The initial radiograph shows an immature distal root (reverse anatomy) with an apical radiolucency. However, the mesial root appears fully developed, therefore Regenerative Endodontic Treatment was not an option (5).
Fig. 2
Once shaping was done, gutta-percha cones were fitted in the mesial canals. A tug-back could be achieved. These canals were filled using the warm condensation technique.
As for the distal canals, the main focus was put on irrigation and sonic activation while avoiding aggressive instrumentation on the already thin canal walls (3).
Fig. 3
Obturation of the mesial canals. Note the sealer in the isthmus between the 2 canals.
A 4mm apical plug of MTA was done in the DL canal, using the MAP One (Produits Dentaires, Switzerland).
A moist cotton pellet was put under the temporary cement. A second appointment was scheduled 24 hours later for backfill in the distal canals.
Fig. 4
Final radiograph after backfill in the joining distal canals.
The patient was referred back to the pediatric dentist for the final coronal restoration.
Step by step video
Conclusions
In immature necrotic permanent teeth where conventional canal obturation is impossible, apexification is a predictable alternative for creating an apical seal, especially when using devices that allow the delivery of MTA into the apical area directly.
Bibliography
1: Wigler R, Kaufman A, Lin S, et al. Revascularization: A Treatment for Permanent Teeth with Necrotic Pulp and Incomplete Root Development. J Endod 2013;39:319–326.
2: Harlam SC. Management of incompletely developed teeth requiring root canal treatment. Australian Dental Journal 2016; 61:(1): 95–106.

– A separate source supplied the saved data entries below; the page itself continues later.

theorem proposition1:
  fixes L N :: nat
  assumes "even L" and "L > 0" and "N \<ge> 1"
  shows "(\<forall>lam I. inj_on lam {..<N} \<and> arctan_admissible N lam
            \<and> (\<forall>k<N. bethe_number_ok N (I k)) \<and> log_bethe L N lam I
          \<longrightarrow> (\<forall>k<N. lam k \<in> \<real>) \<and> inj_on I {..<N}
              \<and> (\<forall>k<N. \<bar>I k\<bar> < (real L + real N - 1) / 2))
       \<and> (\<forall>I. inj_on I {..<N}
            \<and> (\<forall>k<N. bethe_number_ok N (I k) \<and> \<bar>I k\<bar> < (real L + real N - 1) / 2)
          \<longrightarrow> (\<exists>!lam. (\<forall>k\<ge>N. lam k = 0) \<and> inj_on lam {..<N}
                   \<and> arctan_admissible N lam \<and> log_bethe L N lam I))"
proof (rule conjI; intro allI impI)
  fix lam I
  assume "inj_on lam {..<N} \<and> arctan_admissible N lam \<and> (\<forall>k<N. bethe_number_ok N (I k)) \<and> log_bethe L N lam I"
  then show "(\<forall>k<N. lam k \<in> \<real>) \<and> inj_on I {..<N} \<and> (\<forall>k<N. \<bar>I k\<bar> < (real L + real N - 1) / 2)"
    using log_bethe_solution_properties[OF \<open>L > 0\<close>] by blast
next
  fix I :: "nat \<Rightarrow> real"
  assume "inj_on I {..<N} \<and> (\<forall>k<N. bethe_number_ok N (I k) \<and> \<bar>I k\<bar> < (real L + real N - 1) / 2)"
  then show "\<exists>!lam. (\<forall>k\<ge>N. lam k = 0) \<and> inj_on lam {..<N} \<and> arctan_admissible N lam \<and> log_bethe L N lam I"
    using log_bethe_unique_solution[OF assms(1,2)] by blast
qed

end
lemma integral_sample_component:
  fixes f :: "'d::finite obs \<Rightarrow> real"
  assumes "prob_space P" "i < n" "f \<in> borel_measurable P" "integrable P f"
  shows "integrable (sample_law P n) (\<lambda>S. f (S i))"
    and "(\<integral>S. f (S i) \<partial>sample_law P n) = (\<integral>w. f w \<partial>P)"
proof -
  have distr: "distr (sample_law P n) P (\<lambda>S. S i) = P"
    unfolding sample_law_def using assms by (intro distr_PiM_component) auto
  have meas: "(\<lambda>S. S i) \<in> measurable (sample_law P n) P"
    unfolding sample_law_def using assms by (intro measurable_component_singleton) auto
  show "integrable (sample_law P n) (\<lambda>S. f (S i))"
    using integrable_distr_eq[OF meas assms(3)] assms(4) distr by simp
  show "(\<integral>S. f (S i) \<partial>sample_law P n) = (\<integral>w. f w \<partial>P)"
    using integral_distr[OF meas assms(3)] distr by simp
qed

lemma emp_welfare_unbiased:
  fixes P :: "'d::finite obs measure"
  assumes "in_PMk M \<kappa> P e" "0 < \<kappa>" "G \<in> sets borel" "1 \<le> n"
  shows "integrable (sample_law P n) (\<lambda>S. emp_welfare e n S G)"
    and "(\<integral>S. emp_welfare e n S G \<partial>sample_law P n) = welfare P e G"
proof -
  define f where "f w = tau e w * indicator G (obsX w)" for w
  note [measurable] = in_PMkD(3)[OF assms(1)] assms(3)
  have "f \<in> borel_measurable P"
    unfolding f_def[abs_def] measurable_cong_sets[OF in_PMkD(2)[OF assms(1)] refl] by measurable
  note component = integral_sample_component[OF in_PMkD(1)[OF assms(1)] _ this
      integrable_welfare_integrand[OF assms(1-3), folded f_def]]
  have emp: "emp_welfare e n S G = (1 / real n) * (\<Sum>i<n. f (S i))" for S
    unfolding emp_welfare_def f_def ..
  show "integrable (sample_law P n) (\<lambda>S. emp_welfare e n S G)"
    unfolding emp by (intro integrable_mult_right integrable_sum) (use component(1) in auto)
  have "(\<integral>S. emp_welfare e n S G \<partial>sample_law P n) = (1 / real n) * (\<Sum>i<n. \<integral>S. f (S i) \<partial>sample_law P n)"
    unfolding emp using component(1) by (simp add: Bochner_Integration.integral_sum)
  also have "\<dots> = (1 / real n) * (\<Sum>i<n. welfare P e G)"
    using component(2) by (simp add: welfare_def f_def)
  also have "\<dots> = welfare P e G"
    using assms(4) by simp
  finally show "(\<integral>S. emp_welfare e n S G \<partial>sample_law P n) = welfare P e G" .
qed

lemma measurable_emp_welfare_random_set [measurable]:
  assumes [measurable]: "e \<in> borel_measurable borel"
    and [measurable]: "Measurable.pred (sample_space n \<Otimes>\<^sub>M borel) (\<lambda>(S, x). x \<in> g S)"
  shows "(\<lambda>S. emp_welfare e n S (g S)) \<in> borel_measurable (sample_space n)"
  unfolding emp_welfare_def by measurable

lemma measurable_welfare_random_set:
  assumes [measurable]: "e \<in> borel_measurable borel"
    and [measurable]: "Measurable.pred (sample_space n \<Otimes>\<^sub>M borel) (\<lambda>(S, x). x \<in> g S)"
    and "prob_space P" "sets P = sets obs_space"
  shows "(\<lambda>S. welfare P e (g S)) \<in> borel_measurable (sample_space n)"
proof -
  interpret prob_space P by fact
  have "(\<lambda>(S, w). tau e w * indicator (g S) (obsX w)) \<in> borel_measurable (sample_space n \<Otimes>\<^sub>M P)"
    unfolding measurable_cong_sets[OF sets_pair_measure_cong[OF refl assms(4)] refl] by measurable
  then show ?thesis
    unfolding welfare_def by (rule borel_measurable_lebesgue_integral)
qed

lemma nn_integral_pos_part_penalized_excess_le:
  fixes P :: "'d::finite obs measure" and I :: "nat set"
    and C :: "nat \<Rightarrow> (nat \<Rightarrow> 'd obs) \<Rightarrow> real"
    and ghat :: "nat \<Rightarrow> (nat \<Rightarrow> 'd obs) \<Rightarrow> (real ^ 'd) set"
    and khat :: "(nat \<Rightarrow> 'd obs) \<Rightarrow> nat"
  assumes P: "prob_space P" "sets P = sets obs_space"
    and e [measurable]: "e \<in> borel_measurable borel"
    and n: "1 \<le> n" and I_pos: "\<And>j. j \<in> I \<Longrightarrow> 1 \<le> j" and khat: "\<And>S. khat S \<in> I"
    and meas_C: "\<And>j. j \<in> I \<Longrightarrow> C j \<in> borel_measurable (sample_space n)"
    and meas_ghat: "\<And>j. j \<in> I \<Longrightarrow> Measurable.pred (sample_space n \<Otimes>\<^sub>M borel) (\<lambda>(S, x). x \<in> ghat j S)"
    and c: "0 < c0" "0 \<le> c1"
    and tail: "\<And>j \<epsilon>. j \<in> I \<Longrightarrow> 0 < \<epsilon> \<Longrightarrow>
      measure (sample_law P n) {S \<in> space (sample_law P n).
        emp_welfare e n S (ghat j S) - welfare P e (ghat j S) - C j S > \<epsilon>}
      \<le> c1 * exp (- 2 * c0 * real n * \<epsilon>\<^sup>2)"
  shows "(\<integral>\<^sup>+S. ennreal (max 0 (emp_welfare e n S (ghat (khat S) S) - welfare P e (ghat (khat S) S)
      - C (khat S) S - sqrt (real (khat S) / real n))) \<partial>sample_law P n)
    \<le> ennreal (c1 / (1 - exp (- 2 * c0))\<^sup>2 / sqrt (real n))"
proof -
  interpret L: prob_space "sample_law P n"
    by (rule prob_space_sample_law[OF P(1)])
  note sets_L = measurable_cong_sets[OF sets_sample_law[OF P(2)] refl]
  define q where "q = exp (- 2 * c0)"
  define \<delta> where "\<delta> = 1 / sqrt (real n)"
  define Y where "Y j S = (if j \<in> I then emp_welfare e n S (ghat j S) - welfare P e (ghat j S)
    - C j S - sqrt (real j / real n) else 0)" for j S
  have \<delta>: "0 < \<delta>" and q: "0 \<le> q" "q < 1"
    using n c by (auto simp: \<delta>_def q_def)
  have "Y j \<in> borel_measurable (sample_law P n)" for j
  proof (cases "j \<in> I")
    case True
    note [measurable] = meas_C[OF True] meas_ghat[OF True] measurable_welfare_random_set[OF e _ P]
    show ?thesis
      unfolding sets_L Y_def[abs_def] using True by measurable
  next
    case False
    then show ?thesis
      by (simp add: Y_def[abs_def])
  qed
  moreover have "L.prob {S \<in> space (sample_law P n). real m * \<delta> < Y j S} \<le> c1 * q ^ j * q ^ m"
    for j m
  proof (cases "j \<in> I")
    case True
    define \<epsilon> where "\<epsilon> = real m / sqrt (real n) + sqrt (real j / real n)"
    have "0 < \<epsilon>"
      using I_pos[OF True] n by (auto simp: \<epsilon>_def intro: add_nonneg_pos)
    have "{S \<in> space (sample_law P n). real m * \<delta> < Y j S} = {S \<in> space (sample_law P n).
        emp_welfare e n S (ghat j S) - welfare P e (ghat j S) - C j S > \<epsilon>}"
      using True by (auto simp: Y_def \<epsilon>_def \<delta>_def)
    also have "L.prob \<dots> \<le> c1 * exp (- 2 * c0 * real n * \<epsilon>\<^sup>2)"
      by (rule tail[OF True \<open>0 < \<epsilon>\<close>])
    also have "\<dots> \<le> c1 * q ^ j * q ^ m"
      using exp_layer_tail_le_geometric[of n c0 m j] n c
      by (simp add: \<epsilon>_def q_def mult.assoc mult_left_mono)
    finally show ?thesis .
  next
    case False
    then have "{S \<in> space (sample_law P n). real m * \<delta> < Y j S} = {}"
      using \<delta> by (auto simp: Y_def not_less)
    then show ?thesis
      using c q by (simp only: measure_empty) simp
  qed
  ultimately have "(\<integral>\<^sup>+S. ennreal (max 0 (Y (khat S) S)) \<partial>sample_law P n) \<le> ennreal (\<delta> * c1 / (1 - q)\<^sup>2)"
    using \<delta> q c by (intro L.nn_integral_pos_part_selected_le) auto
  then show ?thesis
    using khat by (simp add: Y_def \<delta>_def q_def mult.commute)
qed

lemma integrable_welfare_random_index:
  fixes P :: "'d::finite obs measure" and I :: "nat set"
    and ghat :: "nat \<Rightarrow> (nat \<Rightarrow> 'd obs) \<Rightarrow> (real ^ 'd) set"
    and khat :: "(nat \<Rightarrow> 'd obs) \<Rightarrow> nat"
  assumes PM: "in_PMk M \<kappa> P e" and \<kappa>: "0 < \<kappa>"
    and ghat_borel: "\<And>j S. j \<in> I \<Longrightarrow> ghat j S \<in> sets borel"
    and meas_ghat: "\<And>j. j \<in> I \<Longrightarrow> Measurable.pred (sample_space n \<Otimes>\<^sub>M borel) (\<lambda>(S, x). x \<in> ghat j S)"
    and meas_khat: "khat \<in> measurable (sample_space n) (count_space UNIV)"
    and khat: "\<And>S. khat S \<in> I"
  shows "integrable (sample_law P n) (\<lambda>S. welfare P e (ghat (khat S) S))"
proof -
  note P = in_PMkD(1,2)[OF PM]
  interpret L: prob_space "sample_law P n"
    by (rule prob_space_sample_law[OF P(1)])
  have "(\<lambda>S. welfare P e (ghat j S)) \<in> borel_measurable (sample_space n)" if "j \<in> I" for j
    using in_PMkD(3)[OF PM] meas_ghat[OF that] P by (rule measurable_welfare_random_set)
  moreover have "khat \<in> measurable (sample_space n) (count_space I)"
    using meas_khat khat by (auto simp: measurable_count_space_eq2_countable)
  ultimately have "(\<lambda>S. welfare P e (ghat (khat S) S)) \<in> borel_measurable (sample_law P n)"
    unfolding measurable_cong_sets[OF sets_sample_law[OF P(2)] refl]
    by (rule measurable_compose_countable'[OF _ _ countableI_type])
  moreover have "\<bar>welfare P e (ghat (khat S) S)\<bar> \<le> M / \<kappa>" for S
    using abs_welfare_le[OF PM \<kappa> ghat_borel[OF khat]] .
  ultimately show ?thesis
    by (intro L.integrable_const_bound[where B = "M / \<kappa>"]) auto
qed

lemma pwm_regret_le:
  fixes P :: "'d::finite obs measure" and I :: "nat set"
    and \<G> :: "(real ^ 'd) set set" and Gk :: "nat \<Rightarrow> (real ^ 'd) set set"
    and C :: "nat \<Rightarrow> (nat \<Rightarrow> 'd obs) \<Rightarrow> real"
    and ghat :: "nat \<Rightarrow> (nat \<Rightarrow> 'd obs) \<Rightarrow> (real ^ 'd) set"
    and khat :: "(nat \<Rightarrow> 'd obs) \<Rightarrow> nat"
  assumes PM: "in_PMk M \<kappa> P e" and \<kappa>: "0 < \<kappa>" and n: "1 \<le> n"
    and I_pos: "\<And>j. j \<in> I \<Longrightarrow> 1 \<le> j"
    and G_meas: "\<G> \<subseteq> sets borel" and Gk_sub: "\<And>j. j \<in> I \<Longrightarrow> Gk j \<subseteq> \<G>"
    and ghat_max: "\<And>j S. j \<in> I \<Longrightarrow> ghat j S \<in> Gk j \<and>
      (\<forall>G \<in> Gk j. emp_welfare e n S G \<le> emp_welfare e n S (ghat j S))"
    and khat_max: "\<And>S. khat S \<in> I \<and>
      (\<forall>j \<in> I. emp_welfare e n S (ghat j S) - C j S - sqrt (real j / real n)
        \<le> emp_welfare e n S (ghat (khat S) S) - C (khat S) S - sqrt (real (khat S) / real n))"
    and meas_C: "\<And>j. j \<in> I \<Longrightarrow> C j \<in> borel_measurable (sample_space n)"
    and meas_ghat: "\<And>j. j \<in> I \<Longrightarrow> Measurable.pred (sample_space n \<Otimes>\<^sub>M borel) (\<lambda>(S, x). x \<in> ghat j S)"
    and meas_khat: "khat \<in> measurable (sample_space n) (count_space UNIV)"
    and c: "0 < c0" "0 \<le> c1"
    and tail: "\<And>j \<epsilon>. j \<in> I \<Longrightarrow> 0 < \<epsilon> \<Longrightarrow>
      measure (sample_law P n) {S \<in> space (sample_law P n).
        emp_welfare e n S (ghat j S) - welfare P e (ghat j S) - C j S > \<epsilon>}
      \<le> c1 * exp (- 2 * c0 * real n * \<epsilon>\<^sup>2)"
    and k: "k \<in> I" and C_int: "integrable (sample_law P n) (C k)"
  shows "(\<integral>S. Wstar P e \<G> - welfare P e (ghat (khat S) S) \<partial>sample_law P n)
    \<le> (\<integral>S. C k S \<partial>sample_law P n) + (Wstar P e \<G> - Wstar P e (Gk k)) + sqrt (real k / real n)
      + c1 / (1 - exp (- 2 * c0))\<^sup>2 / sqrt (real n)"
proof -
  note P = in_PMkD(1,2)[OF PM] and e = in_PMkD(3)[OF PM]
  interpret L: prob_space "sample_law P n"
    by (rule prob_space_sample_law[OF P(1)])
  define K where "K = c1 / (1 - exp (- 2 * c0))\<^sup>2 / sqrt (real n)"
  define W where "W S = welfare P e (ghat (khat S) S)" for S
  define excess where "excess S = emp_welfare e n S (ghat (khat S) S) - W S
    - C (khat S) S - sqrt (real (khat S) / real n)" for S
  have ghat_borel: "ghat j S \<in> sets borel" if "j \<in> I" for j S
    using ghat_max[OF that] Gk_sub[OF that] G_meas by blast
  have W_int: "integrable (sample_law P n) W"
    unfolding W_def using khat_max
    by (intro integrable_welfare_random_index[OF PM \<kappa> ghat_borel meas_ghat meas_khat]) blast+
  have excess_bound: "(\<integral>\<^sup>+S. ennreal (max 0 (excess S)) \<partial>sample_law P n) \<le> ennreal K"
    unfolding excess_def W_def K_def using khat_max
    by (intro nn_integral_pos_part_penalized_excess_le[OF P e n I_pos _ meas_C meas_ghat c tail]) auto
  have "welfare P e G \<le> (\<integral>S. C k S \<partial>sample_law P n) + sqrt (real k / real n) + K
      + Wstar P e \<G> - (\<integral>S. Wstar P e \<G> - W S \<partial>sample_law P n)" if G: "G \<in> Gk k" for G
  proof -
    note emp = emp_welfare_unbiased[OF PM \<kappa> _ n, of G]
    have G_borel: "G \<in> sets borel"
      using G Gk_sub[OF k] G_meas by blast
    have "emp_welfare e n S G - C k S - sqrt (real k / real n)
        \<le> emp_welfare e n S (ghat (khat S) S) - C (khat S) S - sqrt (real (khat S) / real n)" for S
      using ghat_max[OF k, of S] khat_max[of S] G k by fastforce
    then have "(Wstar P e \<G> - W S) - (Wstar P e \<G> - emp_welfare e n S G + C k S
        + sqrt (real k / real n)) \<le> max 0 (excess S)" for S
      unfolding excess_def by (smt (verit))
    moreover have "0 \<le> K"
      using c(2) by (auto simp: K_def intro!: divide_nonneg_nonneg)
    ultimately have "(\<integral>S. (Wstar P e \<G> - W S) - (Wstar P e \<G> - emp_welfare e n S G + C k S
        + sqrt (real k / real n)) \<partial>sample_law P n) \<le> K"
      using W_int emp(1)[OF G_borel] C_int
      by (intro integral_le_of_nn_integral_bound[OF _ _ _ excess_bound]) auto
    then show ?thesis
      using W_int emp[OF G_borel] C_int by (simp add: Bochner_Integration.integral_diff L.prob_space)
  qed
  then have "Wstar P e (Gk k) \<le> (\<integral>S. C k S \<partial>sample_law P n) + sqrt (real k / real n) + K
      + Wstar P e \<G> - (\<integral>S. Wstar P e \<G> - W S \<partial>sample_law P n)"
    unfolding Wstar_def using ghat_max[OF k] by (intro cSUP_least) auto
  then show ?thesis
    unfolding W_def K_def by linarith
qed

3: Tolibah, Y.A.; Droubi, L.; Alkurdi, S.; Abbara, M.T.; Bshara, N.; Lazkani, T.; Kouchaji, C.; Ahmad, I.A.; Baghdadi, Z.D. Evaluation of a Novel Tool for Apical Plug Formation during Apexification of Immature Teeth. Int. J. Environ. Res. Public Health 2022, 19, 5304. https://doi.org/10.3390/ ijerph19095304.
4: Nicoloso GF, Goldenfum GM, Dal Pizzol T, et al. Pulp Revascularization or Apexification for the Treatment of Immature Necrotic Permanent Teeth: Systematic Review and Meta Analysis. JOCPD 2019; 43 (5): 305-313.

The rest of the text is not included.